Collected data:
——

text \<open>The path relative to its tip: \<open>w(\<zeta>(w) + j) - w(\<zeta>(w))\<close> for \<open>j \<le> 0\<close>, from the stack of \<open>w\<close>.\<close>
definition stack_path :: "'a::ab_group_add stream \<Rightarrow> int \<Rightarrow> 'a" where
  "stack_path Y j = (if j \<le> 0 then - (\<Sum>i<nat (- j). Y !! i) else 0)"

lemma stack_path_0 [simp]: "stack_path Y 0 = 0"
  by (simp add: stack_path_def)

lemma stack_path_Stream: "j \<le> 0 \<Longrightarrow> stack_path (y ## Y) (j - 1) = - y + stack_path Y j"
proof -
  assume "j \<le> 0"
  then obtain n where j: "j = - int n" by (metis minus_minus nonneg_int_cases neg_0_le_iff_le)
  have "(\<Sum>i<Suc n. (y ## Y) !! i) = y + (\<Sum>i<n. Y !! i)"
    by (subst sum.lessThan_Suc_shift) simp
  moreover have "nat (- (j - 1)) = Suc n" using j by simp
  ultimately show ?thesis using j by (simp add: stack_path_def)
qed

definition code_of :: "('a \<times> 'b) stream \<Rightarrow> 'a stream \<times> (nat \<Rightarrow> 'b)" where
  "code_of \<omega> = (smap fst \<omega>, \<lambda>n. snd (\<omega> !! n))"

lemma snake_code:
  "j \<le> 0 \<Longrightarrow> snd (snake \<omega> n) (lifetime (snake \<omega> n) + j)
     = tip_pos (code_of \<omega>) n + stack_path (stack (code_of \<omega>) n) j"
proof (induction n arbitrary: j)
  case 0
  then show ?case
    by (simp add: W0_def rw_def stack_path_def code_of_def lifetime_def)
next
  case (Suc n)
  obtain z f where sn: "snake \<omega> n = (z, f)" by force
  let ?Y = "stack (code_of \<omega>) n" and ?t = "tip_pos (code_of \<omega>) n"
  have IH: "f (z + i) = ?t + stack_path ?Y i" if "i \<le> 0" for i
    using Suc.IH[OF that] by (simp add: sn lifetime_def)
  show ?case
  proof (cases "snd (\<omega> !! n)")
    case None
    have "stack_path ?Y (j - 1) = - shd ?Y + stack_path (stl ?Y) j"
      using stack_path_Stream[of j "shd ?Y" "stl ?Y"] Suc.prems by simp
    then have "f (z + (j - 1)) = ?t - shd ?Y + stack_path (stl ?Y) j"
      using IH[of "j - 1"] Suc.prems by simp
    then show ?thesis using None Suc.prems
      by (simp add: sn snake_step_def erase_def lifetime_def stack_move_def tip_shift_def
          code_of_def stack_path_Stream algebra_simps)
  next
    case (Some y)
    show ?thesis
    proof (cases "j = 0")
      case True
      then show ?thesis using Some IH[of 0]
        by (simp add: sn snake_step_def append_pt_def lifetime_def tip_def tip_shift_def code_of_def)
    next
      case False
      have "f (z + (j + 1)) = ?t + stack_path ?Y (j + 1)"
        using IH[of "j + 1"] Suc.prems False by simp
      moreover have "stack_path (y ## ?Y) j = - y + stack_path ?Y (j + 1)"
        using stack_path_Stream[of "j + 1" y ?Y] Suc.prems False by simp
      ultimately show ?thesis using Some Suc.prems False
        by (simp add: sn snake_step_def append_pt_def lifetime_def stack_move_def tip_shift_def
            code_of_def algebra_simps)
    qed
  qed
qed

lemma tip_snake: "tip (snake \<omega> n) = tip_pos (code_of \<omega>) n"
  using snake_code[of 0 \<omega> n] by (simp add: tip_def lifetime_def)

definition Wtilde_code :: "nat \<Rightarrow> 'a::ab_group_add code \<Rightarrow> int \<Rightarrow> 'a" where
  "Wtilde_code k w j = (if j \<le> 0 then tip_pos w k + stack_path (stack w k) j else 0)"

lemma W0_code: "W0 \<omega> = stack_path (fst (code_of \<omega>))"
  by (simp add: fun_eq_iff W0_def stack_path_def rw_def code_of_def)

lemma Wtilde_code: "Wtilde \<omega> k = Wtilde_code k (code_of \<omega>)"
  by (simp add: fun_eq_iff Wtilde_def Wtilde_code_def snake_code)

definition path_pair :: "nat \<Rightarrow> 'a::ab_group_add code \<Rightarrow> (int \<Rightarrow> 'a) \<times> (int \<Rightarrow> 'a)" where
  "path_pair k w = (stack_path (fst w), Wtilde_code k w)"

lemma path_pair_reversal:
  assumes "tip_pos w k = 0"
  shows "path_pair k (reversal k w) = prod.swap (path_pair k w)"
  using assms stack_reversal[of k k w]
  by (auto simp: path_pair_def Wtilde_code_def tip_pos_reversal_self fun_eq_iff stack_path_def)

abbreviation incr_space :: "'a pmf \<Rightarrow> 'a stream measure" where
  "incr_space p \<equiv> stream_space (measure_pmf p)"

abbreviation move_space :: "site pmf \<Rightarrow> site option measure" where
  "move_space \<theta> \<equiv> measure_pmf (move_pmf \<theta>)"

abbreviation moves_space :: "site pmf \<Rightarrow> (nat \<Rightarrow> site option) measure" where
  "moves_space \<theta> \<equiv> PiM UNIV (\<lambda>_. move_space \<theta>)"

definition code_space :: "site pmf \<Rightarrow> site code measure" where
  "code_space \<theta> = incr_space \<theta> \<Otimes>\<^sub>M moves_space \<theta>"

lemma space_code_space [simp]: "space (code_space \<theta>) = UNIV"
  by (auto simp: code_space_def space_pair_measure space_stream_space space_PiM)

lemma prob_space_moves_space: "prob_space (moves_space \<theta>)"
  by (rule prob_space_PiM) (rule prob_space_measure_pmf)

lemma prob_space_incr_space: "prob_space (incr_space p)"
  by (rule prob_space.prob_space_stream_space[OF prob_space_measure_pmf])

lemma measurable_stack_move [measurable (raw)]:
  fixes g :: "'b \<Rightarrow> 'a::countable option"
  assumes "f \<in> M \<rightarrow>\<^sub>M incr_space p" and "g \<in> M \<rightarrow>\<^sub>M count_space UNIV"
  shows "(\<lambda>x. stack_move (f x) (g x)) \<in> M \<rightarrow>\<^sub>M incr_space p"
proof (rule measurable_compose_countable[where f="\<lambda>m x. stack_move (f x) m", OF _ assms(2)])
  fix m show "(\<lambda>x. stack_move (f x) m) \<in> M \<rightarrow>\<^sub>M incr_space p"
    using assms(1) by (cases m) (simp_all add: stack_move_def)
qed

lemma measurable_tip_shift [measurable (raw)]:
  fixes g :: "'b \<Rightarrow> 'a::{countable, uminus} option"
  assumes "f \<in> M \<rightarrow>\<^sub>M incr_space p" and "g \<in> M \<rightarrow>\<^sub>M count_space UNIV"
  shows "(\<lambda>x. tip_shift (f x) (g x)) \<in> M \<rightarrow>\<^sub>M count_space UNIV"
proof (rule measurable_compose_countable[where f="\<lambda>m x. tip_shift (f x) m", OF _ assms(2)])
  have "(\<lambda>x. shd (f x)) \<in> M \<rightarrow>\<^sub>M count_space UNIV"
    using measurable_compose[OF assms(1) measurable_shd] by simp
  then show "(\<lambda>x. tip_shift (f x) m) \<in> M \<rightarrow>\<^sub>M count_space UNIV" for m
    by (cases m) (auto simp: tip_shift_def intro: measurable_compose)
qed

lemma measurable_undo_move [measurable (raw)]:
  fixes g :: "'b \<Rightarrow> 'a::countable option"
  assumes "f \<in> M \<rightarrow>\<^sub>M incr_space p" and "g \<in> M \<rightarrow>\<^sub>M count_space UNIV"
  shows "(\<lambda>x. undo_move (g x) (f x)) \<in> M \<rightarrow>\<^sub>M count_space UNIV"
proof (rule measurable_compose_countable[where f="\<lambda>m x. undo_move m (f x)", OF _ assms(2)])
  have "(\<lambda>x. shd (f x)) \<in> M \<rightarrow>\<^sub>M count_space UNIV"
    using measurable_compose[OF assms(1) measurable_shd] by simp
  then show "(\<lambda>x. undo_move m (f x)) \<in> M \<rightarrow>\<^sub>M count_space UNIV" for m
    by (cases m) (auto simp: undo_move_def intro: measurable_compose)
qed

——

## PROBLEM TO SOLVE:
Would you retype exactly the lines above, from the line with "PiM UNIV (\<lambda>_." to the line with "stack_move (f x) (g", with both end lines kept and nothing more?

## ANSWER TO THE EXERCISE:
  "moves_space \<theta> \<equiv> PiM UNIV (\<lambda>_. move_space \<theta>)"

definition code_space :: "site pmf \<Rightarrow> site code measure" where
  "code_space \<theta> = incr_space \<theta> \<Otimes>\<^sub>M moves_space \<theta>"

lemma space_code_space [simp]: "space (code_space \<theta>) = UNIV"
  by (auto simp: code_space_def space_pair_measure space_stream_space space_PiM)

lemma prob_space_moves_space: "prob_space (moves_space \<theta>)"
  by (rule prob_space_PiM) (rule prob_space_measure_pmf)

lemma prob_space_incr_space: "prob_space (incr_space p)"
  by (rule prob_space.prob_space_stream_space[OF prob_space_measure_pmf])

lemma measurable_stack_move [measurable (raw)]:
  fixes g :: "'b \<Rightarrow> 'a::countable option"
  assumes "f \<in> M \<rightarrow>\<^sub>M incr_space p" and "g \<in> M \<rightarrow>\<^sub>M count_space UNIV"
  shows "(\<lambda>x. stack_move (f x) (g x)) \<in> M \<rightarrow>\<^sub>M incr_space p"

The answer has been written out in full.